Food Import Prices Soaring, UN Agriculture Agency Warns

November 18, 2010

Food import bills for the world’s poorest countries are predicted to increase by 11 percent this year, and unless the production of key crops increases by a sizable margin in 2011, the UN Food and Agriculture Organization (FAO) warns that things could get significantly worse.

“International prices of most agricultural commodities have increased in recent months, some sharply,” the FAO reports in the November 2010 edition of their Food Outlook Global Market Analysis Report. The organization’s Food Price Index jumped 34 points since June, and the current measure of 197 points is just 16 points shy of its all-time high, set in June 2008.

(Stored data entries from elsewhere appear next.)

lemma comp_in_comps: "v < nv g \<Longrightarrow> comp g v \<in> comps g"
  by (auto simp: comps_def)

lemma comp_eq_if_mem_comps: "C \<in> comps g \<Longrightarrow> v \<in> C \<Longrightarrow> comp g v = C"
  unfolding comps_def using comp_eq_if_mem by blast

lemma comps_subset: "C \<in> comps g \<Longrightarrow> C \<subseteq> {..<nv g}"
  using comp_subset by (auto simp: comps_def)

lemma finite_comps_elem: "C \<in> comps g \<Longrightarrow> finite C"
  using comps_subset finite_subset by blast

lemma comps_nonempty: "C \<in> comps g \<Longrightarrow> C \<noteq> {}"
  using mem_comp_self by (auto simp: comps_def)

lemma Union_comps: "\<Union>(comps g) = {..<nv g}"
  using comp_subset mem_comp_self by (fastforce simp: comps_def)

lemma sum_lessThan_comps: "(\<Sum>v<nv g. F v) = (\<Sum>C\<in>comps g. \<Sum>v\<in>C. F v)"
proof -
  have "(\<Sum>v<nv g. F v) = sum F (\<Union>(comps g))" by (simp add: Union_comps)
  also have "\<dots> = (\<Sum>C\<in>comps g. \<Sum>v\<in>C. F v)"
    by (rule sum.Union_disjoint[unfolded o_def])
      (use finite_comps_elem comp_eq_if_mem_comps in blast)+
  finally show ?thesis .
qed

section \<open>Aromatic trees and invariance under isomorphism\<close>

lemma
  assumes "is_atree g"
  shows root_less_nv: "root g < nv g" and out_root: "out g (root g) = None"
  using theI'[of "\<lambda>r. r < nv g \<and> out g r = None"] assms unfolding is_atree_def root_def by blast+

lemma eq_root:
  assumes "is_atree g" and "x < nv g" and "out g x = None"
  shows "x = root g"
proof -
  from assms(1) have "\<exists>!r. r < nv g \<and> out g r = None" by (simp add: is_atree_def)
  then show ?thesis using assms(2,3) root_less_nv[OF assms(1)] out_root[OF assms(1)] by blast
qed

lemma is_atree_targets_ok: "is_atree g \<Longrightarrow> targets_ok g"
  by (simp add: is_atree_def)

lemma is_multiaroma_targets_ok: "is_multiaroma g \<Longrightarrow> targets_ok g"
  by (simp add: is_multiaroma_def)

lemma is_atreeI:
  assumes "targets_ok g" and "r < nv g" and "out g r = None"
    and "\<And>x. x < nv g \<Longrightarrow> out g x = None \<Longrightarrow> x = r"
  shows "is_atree g" and "root g = r"
proof -
  have "\<exists>!r. r < nv g \<and> out g r = None" by (rule ex1I[of _ r]) (use assms(2-4) in blast)+
  then show "is_atree g" using assms(1) by (simp add: is_atree_def)
  show "root g = r" unfolding root_def by (rule the_equality) (use assms(2-4) in blast)+
qed

locale gr_isomorphism =
  fixes \<sigma> :: "nat \<Rightarrow> nat" and g h :: "'c gr"
  assumes nv_eq: "nv h = nv g"
    and bij: "bij_betw \<sigma> {..<nv g} {..<nv g}"
    and dec_eq: "v < nv g \<Longrightarrow> dec h (\<sigma> v) = dec g v"
    and out_eq: "v < nv g \<Longrightarrow> out h (\<sigma> v) = map_option \<sigma> (out g v)"
begin

lemma inj: "inj_on \<sigma> {..<nv g}"
  using bij bij_betw_imp_inj_on by blast

lemma less_nv: "v < nv g \<Longrightarrow> \<sigma> v < nv g"
  using bij bij_betwE by blast

lemma surj: "w < nv g \<Longrightarrow> \<exists>v<nv g. w = \<sigma> v"
  using bij_betw_imp_surj_on[OF bij] by (metis imageE lessThan_iff)

lemma edges_eq: "edges h = map_prod \<sigma> \<sigma> ` edges g"
proof (intro set_eqI iffI)
  fix e assume "e \<in> edges h"
  then obtain v' w where e: "e = (v', w)" "v' < nv g" "out h v' = Some w"
    by (auto simp: edges_def nv_eq)
  obtain v where v: "v < nv g" "v' = \<sigma> v" using surj e(2) by blast
  then obtain w0 where "out g v = Some w0" "w = \<sigma> w0" using e out_eq by auto
  then show "e \<in> map_prod \<sigma> \<sigma> ` edges g" using e v by (auto simp: edges_def)
next
  fix e assume "e \<in> map_prod \<sigma> \<sigma> ` edges g"
  then show "e \<in> edges h" using out_eq less_nv by (auto simp: edges_def nv_eq)
qed

lemma uedges_eq: "uedges h = map_prod \<sigma> \<sigma> ` uedges g"
  unfolding uedges_def edges_eq by auto

lemma targets_ok:
  assumes "targets_ok g"
  shows "targets_ok h"
  unfolding targets_ok_def
proof (intro allI impI)
  fix v' w assume "v' < nv h" and out_v': "out h v' = Some w"
  then obtain v where v: "v < nv g" "v' = \<sigma> v" using surj nv_eq by auto
  with out_v' obtain w0 where "out g v = Some w0" "w = \<sigma> w0" using out_eq by auto
  then show "w < nv h" using assms v less_nv nv_eq unfolding targets_ok_def by auto
qed

lemma comp_eq:
  assumes "targets_ok g" and v: "v < nv g"
  shows "comp h (\<sigma> v) = \<sigma> ` comp g v"
proof (intro set_eqI iffI)
  fix w assume "w \<in> comp h (\<sigma> v)"
  then have "(\<sigma> v, w) \<in> (map_prod \<sigma> \<sigma> ` uedges g)\<^sup>*"
    by (auto simp: comp_uedges uedges_eq)
  then obtain w' where w': "w = \<sigma> w'" "(v, w') \<in> (uedges g)\<^sup>*"
    using rtrancl_map_prod_inj_on[OF _ inj Field_uedges[OF assms(1)]] v by blast
  then have "w' < nv g" using rtrancl_closed[OF w'(2)] Field_uedges[OF assms(1)] v by auto
  then show "w \<in> \<sigma> ` comp g v" using w' by (auto simp: comp_uedges)
next
  fix w assume "w \<in> \<sigma> ` comp g v"
  then obtain w' where "w = \<sigma> w'" "w' < nv g" "(v, w') \<in> (uedges g)\<^sup>*" by (auto simp: comp_uedges)
  then show "w \<in> comp h (\<sigma> v)"
    using rtrancl_map_prod[of v w' "uedges g" \<sigma>] less_nv by (auto simp: comp_uedges nv_eq uedges_eq)
qed

lemma comps_eq:
  assumes "targets_ok g"
  shows "comps h = image \<sigma> ` comps g"
proof -
  have "comps h = comp h ` \<sigma> ` {..<nv g}"
    by (simp add: comps_eq_image nv_eq bij_betw_imp_surj_on[OF bij])
  also have "\<dots> = image \<sigma> ` comp g ` {..<nv g}"
    unfolding image_image using comp_eq[OF assms] by simp
  finally show ?thesis by (simp add: comps_eq_image)
qed

lemma inj_on_image_comps: "inj_on (image \<sigma>) (comps g)"
  using inj_on_image[of \<sigma> "comps g"] inj by (simp add: Union_comps)

lemma fert_eq:
  assumes t: "targets_ok g" and v: "v < nv g"
  shows "fert h (\<sigma> v) = fert g v"
proof -
  have "{w. w < nv h \<and> out h w = Some (\<sigma> v)} = \<sigma> ` {w. w < nv g \<and> out g w = Some v}"
  proof (intro set_eqI iffI)
    fix w' assume "w' \<in> {w. w < nv h \<and> out h w = Some (\<sigma> v)}"
    then have w': "w' < nv g" "out h w' = Some (\<sigma> v)" by (auto simp: nv_eq)
    obtain w where w: "w < nv g" "w' = \<sigma> w" using surj w'(1) by blast
    with w' out_eq obtain x where x: "out g w = Some x" "\<sigma> x = \<sigma> v" by fastforce
    have "x < nv g" using t w(1) x(1) unfolding targets_ok_def by blast
    then have "x = v" using x(2) v inj by (auto dest: inj_onD)
    then show "w' \<in> \<sigma> ` {w. w < nv g \<and> out g w = Some v}" using w x by auto
  qed (use out_eq less_nv nv_eq in auto)
  moreover have "inj_on \<sigma> {w. w < nv g \<and> out g w = Some v}"
    using inj by (rule inj_on_subset) auto
  ultimately show ?thesis unfolding fert_def by (simp add: card_image)
qed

The FAO said that several factors played key roles in the price increases. Among those factors were crop shortages in the top producing countries, weather conditions, and the decreasing value of the US Dollar.

According to UN food agency statistics, worldwide production of cereal crops is expected to fall by 2 percent, despite predictions in June that it would increase by 1.2 percent. As a result, the FAO predicts that global cereal stocks will likely decrease by 7 percent.

“Following a series of unexpected downward revisions to crop forecasts in several major producing countries, world prices have risen alarmingly and at a much faster pace than in 2007/08,” the FAO report stated. “Given the expectation of falling global inventories, the size of next year’s crops will be critical in setting the tone for stability in international markets.”

Replenishing cereal stocks could be difficult due to other factors, the FAO reports. The price of sugar has reached a 30-year high, they say, and increased prices for products such as soybeans and cotton make them attractive crops to grow, thus limiting the amount of rice, barley, and other cereal crops that can and will be grown by farmers.

“This could limit individual crop production responses to levels that would be insufficient to alleviate market tightness,” the FAO report warns. “Against this backdrop, consumers may have little choice but to pay higher prices for their food.”

Furthermore, according to China’s Xinhua News Agency, international food import bills could surpass the $1 trillion mark in 2010, and low-income food-deficit countries could see total costs soar by one-fifth.